_PROBLEM TO WORK ON_. Retype word for word the lines of the data below, from the first to the one bearing "ballot k i)", with that one included.

_AVAILABLE RECORDS_.
----

lemma sum_mult_ballot_double:
  assumes "1 \<le> n" "n \<le> N"
  shows "(\<Sum>k\<le>N. mult_hv n k * ballot k j) = ballot n (2 * j) \<and>
    (\<Sum>k\<le>N. mult_vv n k * ballot (Suc k) j) = ballot n (2 * j - 1) + ballot n (2 * j + 1)"
  using assms
proof (induction n arbitrary: N j rule: nat_induct_at_least)
  case base
  have "(\<Sum>k\<le>N. mult_vv 1 k * ballot (Suc k) j) = (\<Sum>k\<le>N. if k = 0 then ballot 1 j else 0)"
    by (rule sum.cong) auto
  also have "\<dots> = ballot 1 (2 * j - 1) + ballot 1 (2 * j + 1)"
    by (simp add: ballot_Suc_0)
  moreover have "mult_hv 1 k = 0" for k
    by (cases k) simp_all
  ultimately show ?case
    using ballot_Suc_0_even[of j] by (simp del: mult_hv.simps)
next
  case (Suc n)
  then obtain N' where N': "N = Suc N'" "n \<le> N'" by (cases N) auto
  have hv: "(\<Sum>k\<le>N. mult_hv n k * ballot k i) = ballot n (2 * i)"
    and vv: "(\<Sum>k\<le>N. mult_vv n k * ballot (Suc k) i) = ballot n (2 * i - 1) + ballot n (2 * i + 1)"
    for i using Suc.IH[of N] Suc.prems by auto
  have vv': "(\<Sum>k\<le>N'. mult_vv n k * ballot (Suc k) i) = ballot n (2 * i - 1) + ballot n (2 * i + 1)"
    for i using Suc.IH[OF N'(2)] by auto
  have "(\<Sum>k\<le>N. mult_hv (Suc n) k * ballot k j) =
      2 * (\<Sum>k\<le>N. mult_hv n k * ballot k j) + (\<Sum>k\<le>N'. mult_vv n k * ballot (Suc k) j)"
    unfolding N'(1) sum.atMost_Suc_shift by (simp add: algebra_simps sum.distrib sum_distrib_left)
  also have "\<dots> = ballot (Suc n) (2 * j)"
    unfolding hv vv' ballot_Suc[OF Suc.hyps] by simp
  finally have hv_Suc: "(\<Sum>k\<le>N. mult_hv (Suc n) k * ballot k j) = ballot (Suc n) (2 * j)" .
  have "(\<Sum>k\<le>N. mult_vv (Suc n) k * ballot (Suc k) j) =
      2 * (\<Sum>k\<le>N. mult_vv n k * ballot (Suc k) j) + (\<Sum>k\<le>N. mult_hv n k * ballot (Suc k) j)"
    using Suc.hyps by (simp add: algebra_simps sum.distrib sum_distrib_left)
  also have "\<dots> = 2 * (ballot n (2 * j - 1) + ballot n (2 * j + 1))
      + ballot n (2 * (j - 1)) + 2 * ballot n (2 * j) + ballot n (2 * (j + 1))"
    unfolding mult_hv_ballot_Suc sum.distrib sum_distrib_left[symmetric] vv hv by simp
  also have "\<dots> = ballot (Suc n) (2 * j - 1) + ballot (Suc n) (2 * j + 1)"
  proof -
    have "2 * j - 1 - 1 = 2 * (j - 1)" "2 * j + 1 + 1 = 2 * (j + 1)" by simp_all
    then show ?thesis unfolding ballot_Suc[OF Suc.hyps] by (simp add: add.commute)
  qed
  finally show ?case using hv_Suc by simp
qed

text \<open>Summation by parts against the recursion of \<open>ballot\<close>; the boundary terms vanish.\<close>

lemma sum_ballot_Suc:
  fixes h :: "real \<Rightarrow> real"
  assumes "1 \<le> n" "n < N" "h 0 = 0"
  shows "(\<Sum>l\<le>N. h (real l) * ballot (Suc n) (int l)) =
     (\<Sum>l\<le>N. (h (real l + 1) + 2 * h (real l) + h (real l - 1)) * ballot n (int l))"
proof -
  obtain M where M: "N = Suc M" using assms by (cases N) auto
  have down: "(\<Sum>l\<le>N. h (real l) * ballot n (int l - 1)) = (\<Sum>l\<le>N. h (real l + 1) * ballot n (int l))"
  proof -
    have "(\<Sum>l\<le>N. h (real l) * ballot n (int l - 1)) = (\<Sum>l\<le>M. h (real l + 1) * ballot n (int l))"
      unfolding M sum.atMost_Suc_shift by (simp add: assms(3) add_ac)
    also have "\<dots> = (\<Sum>l\<le>N. h (real l + 1) * ballot n (int l))"
      using ballot_eq_0_above[of n "int (Suc M)"] assms M by simp
    finally show ?thesis .
  qed
  have up: "(\<Sum>l\<le>N. h (real l) * ballot n (int l + 1)) = (\<Sum>l\<le>N. h (real l - 1) * ballot n (int l))"
  proof -
    have "(\<Sum>l\<le>Suc N. h (real l - 1) * ballot n (int l)) = (\<Sum>l\<le>N. h (real l) * ballot n (int l + 1))"
      unfolding sum.atMost_Suc_shift by (simp add: ballot_0[OF assms(1)] add_ac)
    moreover have "(\<Sum>l\<le>Suc N. h (real l - 1) * ballot n (int l)) = (\<Sum>l\<le>N. h (real l - 1) * ballot n (int l))"
      using ballot_eq_0_above[of n "int (Suc N)"] assms by simp
    ultimately show ?thesis by simp
  qed
  have "(\<Sum>l\<le>N. h (real l) * ballot (Suc n) (int l)) =
      (\<Sum>l\<le>N. h (real l) * ballot n (int l - 1)) + 2 * (\<Sum>l\<le>N. h (real l) * ballot n (int l))
      + (\<Sum>l\<le>N. h (real l) * ballot n (int l + 1))"
    unfolding ballot_Suc[OF assms(1)] by (simp add: algebra_simps sum.distrib sum_distrib_left)
  then show ?thesis
    unfolding down up by (simp add: algebra_simps sum.distrib sum_distrib_left)
qed

lemma sum_id_ballot:
  "1 \<le> n \<Longrightarrow> n \<le> N \<Longrightarrow> (\<Sum>l\<le>N. real l * ballot n (int l)) = 4 ^ (n - 1)"
proof (induction n arbitrary: N rule: nat_induct_at_least)
  case base
  have "real l * ballot 1 (int l) = (if l = 1 then 1 else 0)" for l
    by (simp add: ballot_Suc_0_of_nat)
  with base show ?case by simp
next
  case (Suc n)
  have "(\<Sum>l\<le>N. real l * ballot (Suc n) (int l)) =
      (\<Sum>l\<le>N. (real l + 1 + 2 * real l + (real l - 1)) * ballot n (int l))"
    using sum_ballot_Suc[of n N "\<lambda>x. x"] Suc by simp
  also have "\<dots> = 4 * (\<Sum>l\<le>N. real l * ballot n (int l))"
    by (simp add: sum_distrib_left algebra_simps)
  finally show ?case
    using Suc by (simp add: power_Suc[symmetric] del: power_Suc)
qed

definition fringe_weight :: "real \<Rightarrow> real" where
  "fringe_weight x = (2 * x ^ 3 + x) / 3"

lemma fringe_weight_shift:
  "fringe_weight (x + 1) + 2 * fringe_weight x + fringe_weight (x - 1) = 4 * fringe_weight x + 4 * x"
  by (simp add: fringe_weight_def power3_eq_cube algebra_simps divide_simps)

lemma sum_fringe_weight_ballot:
  "1 \<le> n \<Longrightarrow> n \<le> N \<Longrightarrow> (\<Sum>l\<le>N. fringe_weight (real l) * ballot n (int l)) = real n * 4 ^ (n - 1)"
proof (induction n arbitrary: N rule: nat_induct_at_least)
  case base
  have "fringe_weight (real l) * ballot 1 (int l) = (if l = 1 then 1 else 0)" for l
    by (simp add: ballot_Suc_0_of_nat fringe_weight_def)
  with base show ?case by simp
next
  case (Suc n)
  have "(\<Sum>l\<le>N. fringe_weight (real l) * ballot (Suc n) (int l)) =
      (\<Sum>l\<le>N. (4 * fringe_weight (real l) + 4 * real l) * ballot n (int l))"
    using sum_ballot_Suc[of n N fringe_weight] Suc fringe_weight_shift
    by (simp add: fringe_weight_def[of 0])
  also have "\<dots> = 4 * (\<Sum>l\<le>N. fringe_weight (real l) * ballot n (int l))
      + 4 * (\<Sum>l\<le>N. real l * ballot n (int l))"
    by (simp add: sum_distrib_left algebra_simps sum.distrib)
  also have "\<dots> = real (Suc n) * 4 ^ n"
    using Suc sum_id_ballot[of n N] by (cases n) (simp_all add: algebra_simps)
  finally show ?case by simp
qed

subsection \<open>The fringe sizes in closed form\<close>

lemma ballot_scaled_eq_0:
  assumes "k < l"
  shows "ballot k (2 ^ r * int l) = 0"
proof (rule ballot_eq_0_above)
  have "int l \<le> 2 ^ r * int l"
    using mult_le_cancel_right1[of "int l" "2 ^ r"] by simp
  with assms show "int k < 2 ^ r * int l" by linarith
qed

lemma sum_ballot_scaled_extend:
  "k \<le> n \<Longrightarrow> (\<Sum>l\<le>k. f l * ballot k (2 ^ r * int l)) = (\<Sum>l\<le>n. f l * ballot k (2 ^ r * int l))"
  by (rule sum.mono_neutral_left) (auto simp: ballot_scaled_eq_0)

lemma sum_mult_hv_weighted_ballot:
  assumes "1 \<le> n"
  shows "(\<Sum>k\<le>n. mult_hv n k * (\<Sum>l\<le>k. fringe_weight (real l) * ballot k (2 ^ r * int l)))
    = (\<Sum>l\<le>n. fringe_weight (real l) * ballot n (2 ^ Suc r * int l))"
proof -
  have "(\<Sum>k\<le>n. mult_hv n k * (\<Sum>l\<le>k. fringe_weight (real l) * ballot k (2 ^ r * int l)))
      = (\<Sum>k\<le>n. \<Sum>l\<le>n. fringe_weight (real l) * (mult_hv n k * ballot k (2 ^ r * int l)))"
    by (rule sum.cong[OF refl]) (simp add: sum_ballot_scaled_extend sum_distrib_left mult.left_commute)
  also have "\<dots> = (\<Sum>l\<le>n. fringe_weight (real l) * (\<Sum>k\<le>n. mult_hv n k * ballot k (2 ^ r * int l)))"
    by (subst sum.swap) (simp add: sum_distrib_left)
  also have "\<dots> = (\<Sum>l\<le>n. fringe_weight (real l) * ballot n (2 ^ Suc r * int l))"
    using sum_mult_ballot_double[OF assms order_refl] by (simp add: mult.assoc)
  finally show ?thesis .
qed

lemma fringe_total_eq:
  "1 \<le> n \<Longrightarrow> fringe_total r n = 4 ^ (r + 1) * (\<Sum>l\<le>n. fringe_weight (real l) * ballot n (2 ^ r * int l))"
proof (induction r arbitrary: n)
  case 0
  then show ?case
    using sum_fringe_weight_ballot[of n n] by (cases n) (simp_all add: fringe_total_0)
next
  case (Suc r)
  show ?case
  proof (cases "n = 1")
    case True
    then show ?thesis
      using fringe_total_Suc_1[of r] ballot_Suc_0_even[of "2 ^ r * int _"] by (simp add: mult.assoc)
  next
    case False
    have "fringe_total (Suc r) n = 4 * (\<Sum>k\<le>n. mult_hv n k * fringe_total r k)"
      using False Suc.prems by (intro fringe_total_Suc) simp
    also have "\<dots> = 4 * 4 ^ (r + 1) *
        (\<Sum>k\<le>n. mult_hv n k * (\<Sum>l\<le>k. fringe_weight (real l) * ballot k (2 ^ r * int l)))"
    proof -
      have "mult_hv n k * fringe_total r k =
          4 ^ (r + 1) * (mult_hv n k * (\<Sum>l\<le>k. fringe_weight (real l) * ballot k (2 ^ r * int l)))"
        for k by (cases k) (simp_all add: Suc.IH)
      then show ?thesis by (simp add: sum_distrib_left mult.assoc)
    qed
    finally show ?thesis
      using Suc.prems by (simp add: sum_mult_hv_weighted_ballot)
  qed
qed

lemma suminf_weighted_ballot:
  "(\<Sum>k. fringe_weight (real (Suc k)) * ballot n (2 ^ r * int (Suc k)))
     = (\<Sum>l\<le>n. fringe_weight (real l) * ballot n (2 ^ r * int l))"
proof -
  have "(\<Sum>k. fringe_weight (real (Suc k)) * ballot n (2 ^ r * int (Suc k)))
      = (\<Sum>k<n. fringe_weight (real (Suc k)) * ballot n (2 ^ r * int (Suc k)))"
  proof (rule suminf_finite)
    fix k
    assume "k \<notin> {..<n}"
    then show "fringe_weight (real (Suc k)) * ballot n (2 ^ r * int (Suc k)) = 0"
      using ballot_scaled_eq_0[of n "Suc k" r] by simp
  qed simp
  also have "\<dots> = (\<Sum>l\<le>n. fringe_weight (real l) * ballot n (2 ^ r * int l))"
    by (simp add: sum.atMost_shift fringe_weight_def)
  finally show ?thesis .
qed

theorem proposition6:
  fixes n r :: nat
  assumes "n \<ge> 1"
  shows "expected_fringe n r =
    (4::real) powi (int r + 1 - int n) *
      (\<Sum>k. (2 * real (Suc k) ^ 3 + real (Suc k)) / 3 *
         (real (binomZ (2 * n - 1) (int n - 2 ^ r * int (Suc k)))
          - real (binomZ (2 * n - 1) (int n - 2 ^ r * int (Suc k) - 1))))"
proof -
  have "int r + 1 - int n = int (r + 1) - int n" by simp
  moreover have "(4::real) powi (int (r + 1) - int n) = 4 powi int (r + 1) / 4 powi int n"
    by (rule power_int_diff) simp
  ultimately have "(4::real) powi (int r + 1 - int n) = 4 ^ (r + 1) / 4 ^ n"
    by (simp only: power_int_of_nat)
  moreover have "expected_fringe n r = fringe_total r n / 4 ^ n"
    by (simp add: expected_fringe_def fringe_total_def path_sum_def)
  ultimately show ?thesis
    using fringe_total_eq[OF assms, of r] suminf_weighted_ballot[of n r]
    by (simp add: fringe_weight_def ballot_def)
qed

end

----

_YOUR RESPONSE_.
lemma sum_mult_ballot_double:
  assumes "1 \<le> n" "n \<le> N"
  shows "(\<Sum>k\<le>N. mult_hv n k * ballot k j) = ballot n (2 * j) \<and>
    (\<Sum>k\<le>N. mult_vv n k * ballot (Suc k) j) = ballot n (2 * j - 1) + ballot n (2 * j + 1)"
  using assms
proof (induction n arbitrary: N j rule: nat_induct_at_least)
  case base
  have "(\<Sum>k\<le>N. mult_vv 1 k * ballot (Suc k) j) = (\<Sum>k\<le>N. if k = 0 then ballot 1 j else 0)"
    by (rule sum.cong) auto
  also have "\<dots> = ballot 1 (2 * j - 1) + ballot 1 (2 * j + 1)"
    by (simp add: ballot_Suc_0)
  moreover have "mult_hv 1 k = 0" for k
    by (cases k) simp_all
  ultimately show ?case
    using ballot_Suc_0_even[of j] by (simp del: mult_hv.simps)
next
  case (Suc n)
  then obtain N' where N': "N = Suc N'" "n \<le> N'" by (cases N) auto
  have hv: "(\<Sum>k\<le>N. mult_hv n k * ballot k i) = ballot n (2 * i)"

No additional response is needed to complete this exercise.